| Date: | Tue, 24 Jun 2008 23:01:30 -0400 |
| Reply-To: | Arthur Tabachneck <art297@NETSCAPE.NET> |
| Sender: | "SAS(r) Discussion" <SAS-L@LISTSERV.UGA.EDU> |
| From: | Arthur Tabachneck <art297@NETSCAPE.NET> |
| Subject: | Re: help: reading in open-ended text word-by-word |
|
Matt,
As Jack indicated, what you are seeking is far from trivial. However, if
all of your sentences are like those in your example, something like the
following might come close:
data want (drop=hold_word);
length word hold_word $50.;
retain hold_word;
infile cards end=eof;
input word $ @@;
if _n_ eq 1 or
(substr(reverse(trim(hold_word)),1,1) eq '.' and
rank(substr(word,1,1)) in (65:90)) then do;
count=1;
sentence+1;
end;
else count+1;
hold_word=word;
word=lowcase(compress(word,'.'));
cards;
Siddhartha was thus loved by everyone. He was a source of joy for
everybody.
;
HTH,
Art
---------
On Tue, 24 Jun 2008 16:05:02 -0700, Matthew Yurdin
<Matthew.Yurdin@UCOP.EDU> wrote:
>I am looking for a way to read a txt file containing one very long piece
>of open-ended text (i.e., a book-like document) into a
>one-word-per-observation dataset with a within-sentence word count and a
>sentence count.

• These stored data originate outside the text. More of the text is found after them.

(* Let $(\Omega,\mathcal{F},P)$ be a probability space with filtration $\{\mathcal{F}_t\}_{0\le t\le T}$. Let $(\delta_{st})_{0\le s\le t\le T}$ be nonnegative real numbers such that $\delta_{rs}\delta_{st}+\delta_{rs}+\delta_{st}=\delta_{rt}$ for all $r\le s\le t$. For $s\le t$ define \[\mathcal{Q}_{st}=\Big\{Q\ll P \text{ on } \mathcal{F}_t:\ Q|_{\mathcal{F}_s}=P,\ \frac{dQ}{dP}=1+g_{st}\text{ for some } g_{st}\in L^2(\mathcal{F}_t)\text{ with } E[g_{st}^2\mid\mathcal{F}_s]\le\delta_{st}^2\Big\}.\] Then: (1) for all $r\le s\le t$, $Q\in\mathcal{Q}_{rs}$ and $R\in\mathcal{Q}_{st}$, the probability measure $S\ll P$ with $\frac{dS}{dP}=\frac{dQ}{dP}\frac{dR}{dP}$ belongs to $\mathcal{Q}_{rt}$; (2) for all $A\in\mathcal{F}_s$ and $Q_1,Q_2\in\mathcal{Q}_{st}$, there exists $Q\in\mathcal{Q}_{st}$ with $\frac{dQ}{dP}=\frac{dQ_1}{dP}1_A+\frac{dQ_2}{dP}1_{A^c}$. *)

theory Defs
  imports "HOL-Probability.Probability"
begin

definition Qcls ::
  "'a measure \<Rightarrow> (real \<Rightarrow> 'a measure) \<Rightarrow> (real \<Rightarrow> real \<Rightarrow> real) \<Rightarrow> real \<Rightarrow> real \<Rightarrow> 'a measure set"
where
  "Qcls M F \<delta> s t =
    {Q. prob_space Q \<and> sets Q = sets (F t) \<and>
        absolutely_continuous (restr_to_subalg M (F t)) Q \<and>
        (\<forall>A\<in>sets (F s). emeasure Q A = emeasure M A) \<and>
        (\<exists>g. g \<in> borel_measurable (F t) \<and>
             integrable M (\<lambda>x. (g x)\<^sup>2) \<and>
             (AE x in M. 0 \<le> 1 + g x) \<and>
             Q = density (restr_to_subalg M (F t)) (\<lambda>x. ennreal (1 + g x)) \<and>
             (AE x in M. real_cond_exp M (F s) (\<lambda>x. (g x)\<^sup>2) x \<le> (\<delta> s t)\<^sup>2))}"

end

theory Submission
  imports Defs
begin

text \<open>A measure in Q_st has density 1 + g with E[g|F_s] = 0 and E[g^2|F_s] \<le> \<delta>_st^2.
  For (1), the product density is (1 + g)(1 + h) = 1 + k with k = g + h + g h, where g is
  F_s-measurable and E[h|F_s] = 0. Conditioning on F_s gives E[k|F_s] = g and
  E[k^2|F_s] = g^2 + (1 + g)^2 E[h^2|F_s] \<le> (1 + \<delta>_st^2) g^2 + 2 \<delta>_st^2 g + \<delta>_st^2;
  conditioning further on F_r yields E[k|F_r] = 0 and
  E[k^2|F_r] \<le> (1 + \<delta>_st^2) \<delta>_rs^2 + \<delta>_st^2 \<le> \<delta>_rt^2, the last step by the composition rule
  for \<delta>. Square integrability of g h comes from E[g^2 h^2] = E[g^2 E[h^2|F_s]] \<le> \<delta>_st^2 E[g^2].
  For (2), pasting g_1 on A and g_2 off A commutes with conditioning on F_s since A \<in> F_s.\<close>

lemma power2_sum3_le:
  fixes a b c :: real
  shows "(a + b + c)\<^sup>2 \<le> 3 * (a\<^sup>2 + b\<^sup>2 + c\<^sup>2)"
proof -
  have "3 * (a\<^sup>2 + b\<^sup>2 + c\<^sup>2) - (a + b + c)\<^sup>2 = (a - b)\<^sup>2 + (b - c)\<^sup>2 + (a - c)\<^sup>2"
    by (simp add: power2_eq_square algebra_simps)
  moreover have "0 \<le> (a - b)\<^sup>2 + (b - c)\<^sup>2 + (a - c)\<^sup>2" by simp
  ultimately show ?thesis by linarith
qed

lemma product_sum_sq_bound:
  fixes x y :: real
  assumes "0 \<le> x" "0 \<le> y"
  shows "(1 + y\<^sup>2) * x\<^sup>2 + y\<^sup>2 \<le> (x * y + x + y)\<^sup>2"
proof -
  have expand: "(x * y + x + y)\<^sup>2 = (1 + y\<^sup>2) * x\<^sup>2 + y\<^sup>2 + 2 * (x * x * y + x * y * y + x * y)"
    by (simp add: power2_eq_square algebra_simps)
  have "0 \<le> x * x * y + x * y * y + x * y" using assms by simp
  then show ?thesis unfolding expand by simp
qed

lemma square_integrable_mult:
  fixes f g :: "'a \<Rightarrow> real"
  assumes [measurable]: "f \<in> borel_measurable M" "g \<in> borel_measurable M"
    and "integrable M (\<lambda>x. (f x)\<^sup>2)" "integrable M (\<lambda>x. (g x)\<^sup>2)"
  shows "integrable M (\<lambda>x. f x * g x)"
proof (rule Bochner_Integration.integrable_bound)
  show "integrable M (\<lambda>x. (f x)\<^sup>2 + (g x)\<^sup>2)" using assms by auto
  show "AE x in M. norm (f x * g x) \<le> norm ((f x)\<^sup>2 + (g x)\<^sup>2)"
  proof (intro AE_I2)
    fix x
    have "2 * \<bar>f x\<bar> * \<bar>g x\<bar> \<le> (f x)\<^sup>2 + (g x)\<^sup>2"
      using sum_squares_bound[of "\<bar>f x\<bar>" "\<bar>g x\<bar>"] by (simp add: power2_abs)
    moreover have "0 \<le> \<bar>f x\<bar> * \<bar>g x\<bar>" by simp
    ultimately have "\<bar>f x\<bar> * \<bar>g x\<bar> \<le> (f x)\<^sup>2 + (g x)\<^sup>2" by linarith
    then show "norm (f x * g x) \<le> norm ((f x)\<^sup>2 + (g x)\<^sup>2)"
      by (simp add: abs_mult)
  qed
qed simp

lemma square_integrable_product_perturbation:
  fixes g h :: "'a \<Rightarrow> real"
  assumes [measurable]: "g \<in> borel_measurable M" "h \<in> borel_measurable M"
    and "integrable M (\<lambda>x. (g x)\<^sup>2)" "integrable M (\<lambda>x. (h x)\<^sup>2)"
    and "integrable M (\<lambda>x. (g x)\<^sup>2 * (h x)\<^sup>2)"
  shows "integrable M (\<lambda>x. (g x + h x + g x * h x)\<^sup>2)"
proof (rule Bochner_Integration.integrable_bound)
  show "integrable M (\<lambda>x. 3 * ((g x)\<^sup>2 + (h x)\<^sup>2 + (g x)\<^sup>2 * (h x)\<^sup>2))"
    using assms by auto
  show "AE x in M. norm ((g x + h x + g x * h x)\<^sup>2) \<le> norm (3 * ((g x)\<^sup>2 + (h x)\<^sup>2 + (g x)\<^sup>2 * (h x)\<^sup>2))"
    using power2_sum3_le[of "g _" "h _" "g _ * h _"] by (simp add: power_mult_distrib)
qed simp

lemma square_integrable_product_terms:
  fixes g h :: "'a \<Rightarrow> real"
  assumes [measurable]: "g \<in> borel_measurable M" "h \<in> borel_measurable M"
    and g2: "integrable M (\<lambda>x. (g x)\<^sup>2)" and h2: "integrable M (\<lambda>x. (h x)\<^sup>2)"
    and gh: "integrable M (\<lambda>x. (g x)\<^sup>2 * (h x)\<^sup>2)"
  shows "integrable M (\<lambda>x. g x * h x)" "integrable M (\<lambda>x. (g x)\<^sup>2 * h x)"
    "integrable M (\<lambda>x. g x * (h x)\<^sup>2)"
proof -
  have gh2: "integrable M (\<lambda>x. (g x * h x)\<^sup>2)" using gh by (simp add: power_mult_distrib)
  show "integrable M (\<lambda>x. g x * h x)"
    using square_integrable_mult[of g M h] g2 h2 by simp
  show "integrable M (\<lambda>x. (g x)\<^sup>2 * h x)"
    using square_integrable_mult[of g M "\<lambda>x. g x * h x"] g2 gh2 by (simp add: power2_eq_square ac_simps)
  show "integrable M (\<lambda>x. g x * (h x)\<^sup>2)"
    using square_integrable_mult[of "\<lambda>x. g x * h x" M h] h2 gh2 by (simp add: power2_eq_square ac_simps)
qed

lemma subalgebra_mono:
  assumes "subalgebra M Fs" "subalgebra M Ft" "sets Fs \<subseteq> sets Ft"
  shows "subalgebra Ft Fs"
  using assms by (auto simp: subalgebra_def)

lemma measurable_restr_to_subalg_mono:
  assumes "subalgebra M Fs" "subalgebra M Ft" "sets Fs \<subseteq> sets Ft"
    and "f \<in> measurable (restr_to_subalg M Fs) N"
  shows "f \<in> measurable (restr_to_subalg M Ft) N"
  using assms by (auto simp: measurable_def sets_restr_to_subalg space_restr_to_subalg)

lemma AE_restr_to_subalg_mono:
  assumes "subalgebra M Fs" "subalgebra M Ft" "sets Fs \<subseteq> sets Ft"
    and "AE x in restr_to_subalg M Fs. P x"
  shows "AE x in restr_to_subalg M Ft. P x"
proof -
  obtain N where N: "\<And>x. x \<in> space M - N \<Longrightarrow> P x" "N \<in> null_sets (restr_to_subalg M Fs)"
    using AE_E3[OF assms(4)] by (auto simp: space_restr_to_subalg)
  have "N \<in> null_sets (restr_to_subalg M Ft)"
    using N(2) assms(3)
    by (auto simp: null_sets_restr_to_subalg[OF assms(1)] null_sets_restr_to_subalg[OF assms(2)])
  with N(1) show ?thesis by (intro AE_I'[of N]) (auto simp: space_restr_to_subalg)
qed

context prob_space
begin

lemma RN_deriv_density_restr_to_subalg:
  assumes "subalgebra M F" "f \<in> borel_measurable F"
  shows "AE x in restr_to_subalg M F.
           RN_deriv (restr_to_subalg M F) (density (restr_to_subalg M F) f) x = f x"
proof -
  interpret MF: prob_space "restr_to_subalg M F"
    using prob_space_restr_to_subalg[OF assms(1) prob_space_axioms] .
  have "AE x in restr_to_subalg M F.
          f x = RN_deriv (restr_to_subalg M F) (density (restr_to_subalg M F) f) x"
    using assms by (intro MF.RN_deriv_unique measurable_in_subalg) auto
  then show ?thesis by auto
qed

lemma density_RN_deriv_mult:
  fixes g h :: "'a \<Rightarrow> real"
  assumes s: "subalgebra M Fs" and t: "subalgebra M Ft" and st: "sets Fs \<subseteq> sets Ft"
    and gs [measurable]: "g \<in> borel_measurable Fs" and g_nonneg: "AE x in M. 0 \<le> 1 + g x"
    and [measurable]: "h \<in> borel_measurable Ft" and h_nonneg: "AE x in M. 0 \<le> 1 + h x"
  shows "density (restr_to_subalg M Ft)
           (\<lambda>x. RN_deriv (restr_to_subalg M Fs) (density (restr_to_subalg M Fs) (\<lambda>x. ennreal (1 + g x))) x
              * RN_deriv (restr_to_subalg M Ft) (density (restr_to_subalg M Ft) (\<lambda>x. ennreal (1 + h x))) x)
         = density (restr_to_subalg M Ft) (\<lambda>x. ennreal (1 + (g x + h x + g x * h x)))"
proof (rule density_cong)
  have [measurable]: "g \<in> borel_measurable Ft"
    using measurable_from_subalg[OF subalgebra_mono[OF s t st] gs] .
  have "RN_deriv (restr_to_subalg M Fs) (density (restr_to_subalg M Fs) (\<lambda>x. ennreal (1 + g x)))
          \<in> borel_measurable (restr_to_subalg M Ft)"
    by (rule measurable_restr_to_subalg_mono[OF s t st]) simp
  then show "(\<lambda>x. RN_deriv (restr_to_subalg M Fs) (density (restr_to_subalg M Fs) (\<lambda>x. ennreal (1 + g x))) x
              * RN_deriv (restr_to_subalg M Ft) (density (restr_to_subalg M Ft) (\<lambda>x. ennreal (1 + h x))) x)
          \<in> borel_measurable (restr_to_subalg M Ft)"
    by measurable
  show "(\<lambda>x. ennreal (1 + (g x + h x + g x * h x))) \<in> borel_measurable (restr_to_subalg M Ft)"
    by (intro measurable_in_subalg[OF t]) measurable
  have "AE x in restr_to_subalg M Ft.
          RN_deriv (restr_to_subalg M Fs) (density (restr_to_subalg M Fs) (\<lambda>x. ennreal (1 + g x))) x
            = ennreal (1 + g x)"
    by (rule AE_restr_to_subalg_mono[OF s t st RN_deriv_density_restr_to_subalg[OF s]]) measurable
  moreover have "AE x in restr_to_subalg M Ft.
          RN_deriv (restr_to_subalg M Ft) (density (restr_to_subalg M Ft) (\<lambda>x. ennreal (1 + h x))) x
            = ennreal (1 + h x)"
    by (rule RN_deriv_density_restr_to_subalg[OF t]) measurable
  moreover have "AE x in restr_to_subalg M Ft. 0 \<le> 1 + g x" "AE x in restr_to_subalg M Ft. 0 \<le> 1 + h x"
    by (rule AE_restr_to_subalg2[OF t g_nonneg], measurable, rule AE_restr_to_subalg2[OF t h_nonneg], measurable)
  ultimately show "AE x in restr_to_subalg M Ft.
          RN_deriv (restr_to_subalg M Fs) (density (restr_to_subalg M Fs) (\<lambda>x. ennreal (1 + g x))) x
            * RN_deriv (restr_to_subalg M Ft) (density (restr_to_subalg M Ft) (\<lambda>x. ennreal (1 + h x))) x
          = ennreal (1 + (g x + h x + g x * h x))"
  proof eventually_elim
    case (elim x)
    then have "ennreal (1 + (g x + h x + g x * h x)) = ennreal (1 + g x) * ennreal (1 + h x)"
      by (simp add: ennreal_mult[symmetric] algebra_simps)
    with elim show ?case by simp
  qed
qed

lemma density_RN_deriv_paste:
  fixes g1 g2 :: "'a \<Rightarrow> real"
  assumes t: "subalgebra M Ft" and A: "A \<in> sets Ft"
    and [measurable]: "g1 \<in> borel_measurable Ft" "g2 \<in> borel_measurable Ft"
  shows "density (restr_to_subalg M Ft)
           (\<lambda>x. RN_deriv (restr_to_subalg M Ft) (density (restr_to_subalg M Ft) (\<lambda>x. ennreal (1 + g1 x))) x
                  * indicator A x
              + RN_deriv (restr_to_subalg M Ft) (density (restr_to_subalg M Ft) (\<lambda>x. ennreal (1 + g2 x))) x
                  * indicator (space M - A) x)
         = density (restr_to_subalg M Ft)
             (\<lambda>x. ennreal (1 + (indicator A x * g1 x + indicator (space M - A) x * g2 x)))"
proof (rule density_cong)
  have "space Ft = space M" using t by (simp add: subalgebra_def)
  then have [measurable]: "A \<in> sets Ft" "space M - A \<in> sets Ft"
    using A by (auto dest: sets.compl_sets)
  then have [measurable]: "A \<in> sets (restr_to_subalg M Ft)" "space M - A \<in> sets (restr_to_subalg M Ft)"
    by (simp_all add: sets_restr_to_subalg[OF t])
  show "(\<lambda>x. RN_deriv (restr_to_subalg M Ft) (density (restr_to_subalg M Ft) (\<lambda>x. ennreal (1 + g1 x))) x
                  * indicator A x
              + RN_deriv (restr_to_subalg M Ft) (density (restr_to_subalg M Ft) (\<lambda>x. ennreal (1 + g2 x))) x
                  * indicator (space M - A) x)
          \<in> borel_measurable (restr_to_subalg M Ft)"
    by measurable
  show "(\<lambda>x. ennreal (1 + (indicator A x * g1 x + indicator (space M - A) x * g2 x)))
          \<in> borel_measurable (restr_to_subalg M Ft)"
    by (intro measurable_in_subalg[OF t]) measurable
  have "AE x in restr_to_subalg M Ft.
          RN_deriv (restr_to_subalg M Ft) (density (restr_to_subalg M Ft) (\<lambda>x. ennreal (1 + g1 x))) x
            = ennreal (1 + g1 x)"
    "AE x in restr_to_subalg M Ft.
          RN_deriv (restr_to_subalg M Ft) (density (restr_to_subalg M Ft) (\<lambda>x. ennreal (1 + g2 x))) x
            = ennreal (1 + g2 x)"
    by (rule RN_deriv_density_restr_to_subalg[OF t], measurable)+
  with AE_space show "AE x in restr_to_subalg M Ft.
          RN_deriv (restr_to_subalg M Ft) (density (restr_to_subalg M Ft) (\<lambda>x. ennreal (1 + g1 x))) x
              * indicator A x
            + RN_deriv (restr_to_subalg M Ft) (density (restr_to_subalg M Ft) (\<lambda>x. ennreal (1 + g2 x))) x
              * indicator (space M - A) x
          = ennreal (1 + (indicator A x * g1 x + indicator (space M - A) x * g2 x))"
    by eventually_elim (auto simp: indicator_def space_restr_to_subalg)
qed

For example, I'd like to turn these two sentences:
>
>Siddhartha was thus loved by everyone. He was a source of joy for
>everybody.
>
>into these rows:
>
>VALUE COUNT SENTENCE
>siddhartha 1 1
>was 2 1
>thus 3 1
>loved 4 1
>by 5 1
>everyone 6 1
>he 1 2
>was 2 2
>a 3 2
>source 4 2
>of 5 2
>joy 6 2
>for 7 2
>everybody 8 2
>
>Any advice on how to go about this? My apologies if this is something
>that's already been asked and answered; I didn't see examples with
>anything this unstructured in the list archive.
>
>Thanks
>-Matt
|